Ängste und Sorgen sind treue Begleiter privater Anleger. Die Ereignisse der vergangenen Jahre sind zum Teil grausam, und die Krise hat bei vielen Menschen das Gefühl hinterlassen, dass es keine Sicherheit gibt. Das Empfinden ist richtig und wahrscheinlich die beste Lektion, welche die zurückliegenden Monate liefern konnte. Es gibt weder in der Liebe noch in der Gesundheit noch beim Geld irgendwelche Garantien, und daran wird sich nichts ändern.

Hinzu sollte nur die Erkenntnis kommen, dass Geld eine trügerische Hoffnung ist. Wer in dem Glauben lebt, durch Zinsen und Zinseszinsen reich zu werden, sollte den Traum so schnell wie möglich begraben, weil das Leben andere Wege geht. Die Kunst im Umgang mit Geld besteht in der Kunst, es durch Arbeit zu verdienen, den Konsum im Zaum zu halten und Überschüsse in einfache Geldanlagen zu streuen. Dadurch ist der Erhalt, nicht aber die Vermehrung des Vermögens möglich. Umgekehrt bezahlen Investoren, die nach Steuern von 5 oder 6 Prozent pro Jahr träumen und ihre Konzepte ständig über den Haufen werfen, viel Geld. An dieser Haltung verdienen nur Verkäufer und Vermittler, deshalb ist es kein Wunder, dass sie Anlegern ständig in den Ohren liegen, das Kapital in „lukrative“ Anlagen umzuschichten.

Vollständige Vermögenspläne aufstellen

Die Erkenntnis, dass die Bäume beim Geld nicht in den Himmel wachsen, kommen in vollständigen Vermögensplänen zum Ausdruck. Sie beginnen mit der Aufstellung aller Guthaben und Schulden. Dazu gehören nicht nur Aktien, Anleihen, Immobilien und Kredite, sondern auch Arbeit, Renten und Konsum. Einkommen, Versorgung und Lebenshaltung sind für die meisten Menschen aber keine Vermögenswerte - folglich fallen die Positionen in den meisten Haushalten unter den Tisch. Das ist kein Beinbruch, doch die Anleger dürfen sich nicht darüber wundern, dass die Entscheidungen, die aus unvollständigen Vermögensplänen gezogen werden, mitunter fragwürdig und gefährlich sind.

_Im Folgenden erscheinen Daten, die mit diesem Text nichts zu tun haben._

(* The pair of graded graphs $(\mathbf{Motz}_\bullet,\mathbf{U},\mathbf{V})$ is $\phi$-diagonal dual, i.e. $\mathbf{V}^\star\mathbf{U}-\mathbf{U}\mathbf{V}^\star=\phi$, for the linear map $\phi$ defined by $$\phi(u)=\big(2+\#\{i\in[|u|-1] : u_i\ne u_{i+1}\}\big)\,u$$ for every $u\in\mathbf{Motz}$.
   Context: $\mathbb{K}$ is a field of characteristic zero. $\mathbf{Motz}$ is the set of all nonempty words $u=u_1\cdots u_n$ of nonnegative integers with $u_1=u_n=0$ and $|u_{i+1}-u_i|\le1$ for all $i$ (the elements of the operad of Motzkin paths, generated by $00$ and $010$). $\mathbf{Motz}_\bullet$ is this set graded by the degree $\#\{i\in[n-1] : u_{i+1}\ge u_i\}$ (number of flat and up steps). The prefix graph and twisted prefix graph of this operad are given by the linear maps on $\mathbb{K}\langle\mathbf{Motz}\rangle$ (basis: these words) $$\mathbf{U}(u)=\sum_{i\in[|u|]}\big(u_1\cdots u_i\,u_i\,u_{i+1}\cdots u_{|u|}+u_1\cdots u_i\,(u_i+1)\,u_i\,u_{i+1}\cdots u_{|u|}\big),$$ $$\mathbf{V}(u)=\sum_{\substack{i\in[|u|]\\ i=|u|\text{ or } u_i>u_{i+1}}}\big(u_1\cdots u_i\,u_i\,u_{i+1}\cdots u_{|u|}+u_1\cdots u_i\,(u_i+1)\,u_i\,u_{i+1}\cdots u_{|u|}\big).$$ $\mathbf{V}^\star$ is the adjoint of $\mathbf{V}$ for the scalar product making the words orthonormal. *)

theory Defs
  imports Main
begin

text \<open>Words are lists of naturals, positions are 0-based: u!0 = u_1, ..., u!(length u - 1) = u_n.\<close>

definition motz :: "nat list \<Rightarrow> bool" where
  "motz u \<longleftrightarrow> u \<noteq> [] \<and> hd u = 0 \<and> last u = 0 \<and>
     (\<forall>i. Suc i < length u \<longrightarrow> u ! Suc i \<le> u ! i + 1 \<and> u ! i \<le> u ! Suc i + 1)"

definition ins_words :: "nat list \<Rightarrow> nat \<Rightarrow> nat list list" where
  "ins_words u i = [take (Suc i) u @ [u ! i] @ drop (Suc i) u,
                    take (Suc i) u @ [u ! i + 1, u ! i] @ drop (Suc i) u]"

text \<open>U(u) and V(u) as lists of words (a sum of basis vectors with multiplicities).\<close>
definition U_list :: "nat list \<Rightarrow> nat list list" where
  "U_list u = concat (map (ins_words u) [0..<length u])"

definition V_list :: "nat list \<Rightarrow> nat list list" where
  "V_list u = concat (map (ins_words u)
      (filter (\<lambda>i. Suc i = length u \<or> u ! i > u ! Suc i) [0..<length u]))"

text \<open>Vectors of K<Motz>: finitely supported functions from words to K with support in Motz.\<close>
definition in_KMotz :: "(nat list \<Rightarrow> 'k::zero) \<Rightarrow> bool" where
  "in_KMotz f \<longleftrightarrow> finite {u. f u \<noteq> 0} \<and> (\<forall>u. f u \<noteq> 0 \<longrightarrow> motz u)"
(* Let $A$ be a type, $M=\{m_1,\dots,m_n\}$ a set of constructors for $A$, and $p:A\to B$, $h:A\to C$ programs. (i) If $(\textit{null}, c_1,\dots,c_n)$ is a solution of $\mathsf{PLP}(M,p,h)$, then $(\textit{null}, c_1\triangle \textit{null},\dots,c_n\triangle\textit{null})$ is a solution of $\mathsf{LP}(M,p,h)$. (ii) If $(f,c_1,\dots,c_n)$ is a solution of $\mathsf{PLP}(M,p,h)$ and $(f',c_1',\dots,c_n')$ is a solution of $\mathsf{LP}(M,f,h\triangle f)$, then $(f\triangle f', c_1^*,\dots,c_n^* )$ is a solution of $\mathsf{LP}(M,p,h)$, where $$c_i^*=\big(c_i\circ \mathsf F_{m_i}\varphi_l\big)\triangle\big(c_i'\circ\mathsf F_{m_i}\varphi_r\big),\qquad \varphi_l(a,(b,c))=(a,b),\quad \varphi_r(a,(b,c))=((a,b),c).$$
   Context: Function notation: $(f\circ g)\,x=f(g\,x)$, $(f\triangle g)\,x=(f\,x,g\,x)$, $(f\times g)(x_1,x_2)=(f\,x_1,g\,x_2)$. $\textit{null}$ denotes the constant function returning the unit value $()$ (representing "no supplementary information"). Functors: only functors built from the identity functor $\mathsf I$ ($\mathsf I A=A$, $\mathsf I f=f$), constant functors $!A$ ($(!A)B=A$, $(!A)f=\mathrm{id}_A$), and products $\mathsf F_1\times\mathsf F_2$ ($(\mathsf F_1\times\mathsf F_2)A=\mathsf F_1A\times\mathsf F_2A$, $(\mathsf F_1\times\mathsf F_2)f=\mathsf F_1f\times\mathsf F_2f$) are considered. A constructor $m$ for a type $A$ is a function $m:\mathsf F_mA\to A$ with an attached functor $\mathsf F_m$ (e.g. list concatenation $\lambda(l_1,l_2).\,l_1+\!\!+\,l_2$ with $\mathsf F_m=\mathsf I\times\mathsf I$). Lifting problem $\mathsf{LP}(M,p,h)$ for $M=\{m_1,\dots,m_n\}$, $p:A\to B$, $h:A\to C$: find a lifting scheme $f$ (a function on $A$) and combinators $c_1,\dots,c_n$ such that for all $i$, $(p\triangle f)\circ m_i=c_i\circ\mathsf F_{m_i}(h\triangle f)$ (equality of functions). Partial lifting problem $\mathsf{PLP}(M,p,h)$: find $f,c_1,\dots,c_n$ with $p\circ m_i=c_i\circ\mathsf F_{m_i}(h\triangle f)$ for all $i$. *)

theory Defs
  imports Main
begin

text \<open>A shape describes the functor; constant functors carry
  the set of admissible constants (all constants live in one ambient type 'k).\<close>
datatype 'k fshape = FId | FConst "'k set" | FProd "'k fshape" "'k fshape"

text \<open>Values of F A: the map function generated by the datatype is the functor action.\<close>
datatype ('k, 'a) fval = VI 'a | VK 'k | VP "('k, 'a) fval" "('k, 'a) fval"

fun in_F :: "'k fshape \<Rightarrow> ('k, 'a) fval \<Rightarrow> bool" where
  "in_F FId (VI a) = True"
| "in_F (FConst K) (VK k) = (k \<in> K)"
| "in_F (FProd F1 F2) (VP x y) = (in_F F1 x \<and> in_F F2 y)"
| "in_F _ _ = False"

definition fmap :: "('a \<Rightarrow> 'b) \<Rightarrow> ('k, 'a) fval \<Rightarrow> ('k, 'b) fval" where
  "fmap f = map_fval id f"

definition split_pair :: "('a \<Rightarrow> 'b) \<Rightarrow> ('a \<Rightarrow> 'c) \<Rightarrow> 'a \<Rightarrow> 'b \<times> 'c" (infixr "\<triangle>" 80) where
  "(f \<triangle> g) x = (f x, g x)"

definition null :: "'a \<Rightarrow> unit" where
  "null x = ()"

definition LP :: "nat \<Rightarrow> (nat \<Rightarrow> 'k fshape) \<Rightarrow> (nat \<Rightarrow> ('k, 'a) fval \<Rightarrow> 'a)
    \<Rightarrow> ('a \<Rightarrow> 'b) \<Rightarrow> ('a \<Rightarrow> 'c) \<Rightarrow> ('a \<Rightarrow> 'd) \<Rightarrow> (nat \<Rightarrow> ('k, 'c \<times> 'd) fval \<Rightarrow> 'b \<times> 'd) \<Rightarrow> bool" where
  "LP n F m p h f c \<longleftrightarrow>
     (\<forall>i<n. \<forall>x. in_F (F i) x \<longrightarrow> ((p \<triangle> f) \<circ> m i) x = (c i \<circ> fmap (h \<triangle> f)) x)"

definition PLP :: "nat \<Rightarrow> (nat \<Rightarrow> 'k fshape) \<Rightarrow> (nat \<Rightarrow> ('k, 'a) fval \<Rightarrow> 'a)
    \<Rightarrow> ('a \<Rightarrow> 'b) \<Rightarrow> ('a \<Rightarrow> 'c) \<Rightarrow> ('a \<Rightarrow> 'd) \<Rightarrow> (nat \<Rightarrow> ('k, 'c \<times> 'd) fval \<Rightarrow> 'b) \<Rightarrow> bool" where
  "PLP n F m p h f c \<longleftrightarrow>
     (\<forall>i<n. \<forall>x. in_F (F i) x \<longrightarrow> (p \<circ> m i) x = (c i \<circ> fmap (h \<triangle> f)) x)"

definition phi_l :: "'a \<times> ('b \<times> 'c) \<Rightarrow> 'a \<times> 'b" where
  "phi_l = (\<lambda>(a, (b, c)). (a, b))"

definition phi_r :: "'a \<times> ('b \<times> 'c) \<Rightarrow> ('a \<times> 'b) \<times> 'c" where
  "phi_r = (\<lambda>(a, (b, c)). ((a, b), c))"

end

theory Submission
  imports Defs
begin

text \<open>For the composite scheme \<open>f \<triangle> f'\<close>, the first component of the combined
  equation is the partial solution with the extra component forgotten by \<open>phi_l\<close>;
  the second is the lifting of \<open>f\<close>, which sees \<open>(h \<triangle> f) \<triangle> f'\<close> once
  \<open>phi_r\<close> reassociates the pair.\<close>

lemma fmap_fmap: "fmap g (fmap f x) = fmap (g \<circ> f) x"
  unfolding fmap_def by (simp add: fval.map_comp)

lemma phi_l_split: "phi_l \<circ> (h \<triangle> (f \<triangle> f')) = h \<triangle> f"
  by (rule ext) (simp add: phi_l_def split_pair_def)

lemma phi_r_split: "phi_r \<circ> (h \<triangle> (f \<triangle> f')) = (h \<triangle> f) \<triangle> f'"
  by (rule ext) (simp add: phi_r_def split_pair_def)

lemma LP_null_if_PLP_null:
  assumes "PLP n F m p h null c"
  shows "LP n F m p h null (\<lambda>i. c i \<triangle> null)"
  using assms unfolding PLP_def LP_def by (simp add: split_pair_def null_def)

lemma LP_split_if_PLP_and_LP:
  fixes m :: "nat \<Rightarrow> ('k, 'a) fval \<Rightarrow> 'a"
  assumes partial: "PLP n F m p h f c"
    and lifting: "LP n F m f (h \<triangle> f) f' c'"
  shows "LP n F m p h (f \<triangle> f') (\<lambda>i. (c i \<circ> fmap phi_l) \<triangle> (c' i \<circ> fmap phi_r))"
  unfolding LP_def
proof (intro allI impI)
  fix i and x :: "('k, 'a) fval" assume i: "i < n" and x: "in_F (F i) x"
  have "p (m i x) = c i (fmap phi_l (fmap (h \<triangle> f \<triangle> f') x))"
    using partial i x unfolding PLP_def by (simp add: fmap_fmap phi_l_split)
  moreover have "(f \<triangle> f') (m i x) = c' i (fmap phi_r (fmap (h \<triangle> f \<triangle> f') x))"
    using lifting i x unfolding LP_def by (simp add: fmap_fmap phi_r_split split_pair_def)
  ultimately show "((p \<triangle> f \<triangle> f') \<circ> m i) x
      = ((\<lambda>i. (c i \<circ> fmap phi_l) \<triangle> (c' i \<circ> fmap phi_r)) i \<circ> fmap (h \<triangle> f \<triangle> f')) x"
    by (simp add: split_pair_def)
qed

theorem theorem1:
  fixes n :: nat and F :: "nat \<Rightarrow> 'k fshape" and m :: "nat \<Rightarrow> ('k, 'a) fval \<Rightarrow> 'a"
    and p :: "'a \<Rightarrow> 'b" and h :: "'a \<Rightarrow> 'c"
  shows "(\<forall>c :: nat \<Rightarrow> ('k, 'c \<times> unit) fval \<Rightarrow> 'b.
            PLP n F m p h null c \<longrightarrow> LP n F m p h null (\<lambda>i. c i \<triangle> null))
       \<and> (\<forall>(f :: 'a \<Rightarrow> 'd) (c :: nat \<Rightarrow> ('k, 'c \<times> 'd) fval \<Rightarrow> 'b)
            (f' :: 'a \<Rightarrow> 'e) (c' :: nat \<Rightarrow> ('k, ('c \<times> 'd) \<times> 'e) fval \<Rightarrow> 'd \<times> 'e).
            PLP n F m p h f c \<and> LP n F m f (h \<triangle> f) f' c' \<longrightarrow>
            LP n F m p h (f \<triangle> f')
              (\<lambda>i. (c i \<circ> fmap phi_l) \<triangle> (c' i \<circ> fmap phi_r)))"
  using LP_null_if_PLP_null LP_split_if_PLP_and_LP by blast

end
(* Let $X$, $Z$ be topological vector spaces, $C\subseteq Z$ a nonempty closed convex cone with $C^-\neq\{0\}$, and $f:X\to\mathcal{F}(Z,C)$. If $f$ is upper lattice-semicontinuous at $x_0\in{\rm dom\,} f$, then there exists a neighborhood $U$ of $x_0$ such that $f$ is lattice-bounded above on $U$.
   Context: $\mathcal{F}(Z,C)=\{A\subseteq Z\colon A=\operatorname{cl}(A+C)\}$ (empty set included); $C^-=\{z^*\in Z^*\colon z^*(z)\le0\ \forall z\in C\}$; ${\rm dom\,} f=\{x\colon f(x)\neq\emptyset\}$. $f$ is upper lattice-semicontinuous at $x_0$ iff $f(x_0)\subseteq\operatorname{cl}\bigcup_{U\in\mathcal{N}(x_0)}\bigcap_{x\in U}f(x)$, where $\mathcal{N}(x_0)$ is the system of neighborhoods of $x_0$; equivalently, for every $z_0\in f(x_0)$ and every neighborhood $V$ of $z_0$ there exist $U\in\mathcal{N}(x_0)$ and $z\in V$ with $z\in f(x)$ for all $x\in U$. $f$ is lattice-bounded above on $M\subseteq X$ iff there is $a\in Z$ with $a\in f(x)$ for all $x\in M$. *)

theory Defs
  imports "HOL-Analysis.Analysis"
begin

class topological_real_vector = real_vector + topological_space +
  assumes tvs_continuous_add: "\<And>x y W. open W \<Longrightarrow> x + y \<in> W \<Longrightarrow>
      \<exists>U V. open U \<and> open V \<and> x \<in> U \<and> y \<in> V \<and> (\<forall>u\<in>U. \<forall>v\<in>V. u + v \<in> W)"
  assumes tvs_continuous_scaleR: "\<And>a x W. open W \<Longrightarrow> a *\<^sub>R x \<in> W \<Longrightarrow>
      \<exists>e>0. \<exists>V. open V \<and> x \<in> V \<and> (\<forall>b. \<bar>b - a\<bar> < e \<longrightarrow> (\<forall>v\<in>V. b *\<^sub>R v \<in> W))"

definition msum :: "'a::real_vector set \<Rightarrow> 'a set \<Rightarrow> 'a set" where
  "msum A B = {a + b | a b. a \<in> A \<and> b \<in> B}"

definition FZC :: "'a::topological_real_vector set \<Rightarrow> 'a set set" where
  "FZC C = {A. A = closure (msum A C)}"

definition neg_dual_cone :: "'a::topological_real_vector set \<Rightarrow> ('a \<Rightarrow> real) set" where
  "neg_dual_cone C = {g. linear g \<and> continuous_on UNIV g \<and> (\<forall>z\<in>C. g z \<le> 0)}"

definition setdom :: "('a \<Rightarrow> 'b set) \<Rightarrow> 'a set" where
  "setdom f = {x. f x \<noteq> {}}"

definition nbhds :: "'a::topological_space \<Rightarrow> 'a set set" where
  "nbhds x0 = {U. \<exists>V. open V \<and> x0 \<in> V \<and> V \<subseteq> U}"

definition upper_lattice_semicontinuous_at :: "('a::topological_space \<Rightarrow> 'b::topological_space set) \<Rightarrow> 'a \<Rightarrow> bool" where
  "upper_lattice_semicontinuous_at f x0 \<longleftrightarrow>
     f x0 \<subseteq> closure (\<Union>U\<in>nbhds x0. \<Inter>x\<in>U. f x)"

definition lattice_bounded_above_on :: "('a \<Rightarrow> 'b set) \<Rightarrow> 'a set \<Rightarrow> bool" where
  "lattice_bounded_above_on f M \<longleftrightarrow> (\<exists>a. \<forall>x\<in>M. a \<in> f x)"

end

theory Submission
  imports Defs
begin

text \<open>Only the nonemptiness of \<open>f x0\<close> and the semicontinuity are needed: a nonempty set lies in
  the closure of \<open>\<Union>U\<in>nbhds x0. \<Inter>x\<in>U. f x\<close> only if that union is nonempty, and any point
  of it is a common upper bound of \<open>f\<close> on some neighbourhood.\<close>

lemma upper_lattice_semicontinuous_at_imp_common_element:
  assumes "f x0 \<noteq> {}" and "upper_lattice_semicontinuous_at f x0"
  obtains U a where "U \<in> nbhds x0" and "\<forall>x\<in>U. a \<in> f x"
proof -
  have "closure (\<Union>U\<in>nbhds x0. \<Inter>x\<in>U. f x) \<noteq> {}"
    using assms unfolding upper_lattice_semicontinuous_at_def by (metis bot.extremum_uniqueI)
  then have "(\<Union>U\<in>nbhds x0. \<Inter>x\<in>U. f x) \<noteq> {}"
    by (metis closure_empty)
  then obtain U a where "U \<in> nbhds x0" and "a \<in> (\<Inter>x\<in>U. f x)"
    by (metis UN_E ex_in_conv)
  then show thesis
    using that by (metis INT_E)
qed

theorem mainTheorem6:
  fixes f :: "'x::topological_real_vector \<Rightarrow> 'z::topological_real_vector set"
    and C :: "'z set" and x0 :: 'x
  assumes "C \<noteq> {}" and "closed C" and "convex C" and "cone C"
    and "neg_dual_cone C \<noteq> {(\<lambda>_. 0)}"
    and "\<forall>x. f x \<in> FZC C"
    and "x0 \<in> setdom f"
    and "upper_lattice_semicontinuous_at f x0"
  shows "\<exists>U\<in>nbhds x0. lattice_bounded_above_on f U"
proof -
  have "f x0 \<noteq> {}"
    using \<open>x0 \<in> setdom f\<close> by (simp add: setdom_def)
  then obtain U a where "U \<in> nbhds x0" and "\<forall>x\<in>U. a \<in> f x"
    using \<open>upper_lattice_semicontinuous_at f x0\<close>
    by (rule upper_lattice_semicontinuous_at_imp_common_element)
  then show ?thesis
    unfolding lattice_bounded_above_on_def by auto
qed

end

Die fehlende Kapitalisierung der Pensionen führt zum Beispiel bei älteren Menschen zu Ängsten und Sorgen, die unnötig sind wie ein Kropf. Wer 65 Jahre alt ist und einen lebenslangen Versorgungsanspruch von jährlich 24000 Euro hat, besitzt Geld im Wert von 392000 Euro. Dahinter verbirgt sich die Kalkulation, dass der Anleger noch 20 Jahre leben wird und die Zahlungen mit 2 Prozent auf die Gegenwart abgezinst werden.

Was für die Ansprüche gilt, muss natürlich auch für die Pflichten gelten. Die jährlichen Ausgaben für Essen, Trinken, Haus, Auto und Urlaub müssen ebenfalls abgezinst und als Schuld in die private Vermögensbilanz gestellt werden. Wer zum Beispiel jährlich 60000 Euro fürs tägliche Leben braucht, benötigt bei einer „Restlaufzeit“ von 20 Jahren und einem Zins von 3 Prozent mindestens 981000 Euro. Sollte der Wert des Geldes in dieser Zeit jedes Jahr um durchschnittlich 3 Prozent sinken, wird es richtig teuer. Dann sind beinahe 1,3 Millionen Euro notwendig, um über die Runden zu kommen.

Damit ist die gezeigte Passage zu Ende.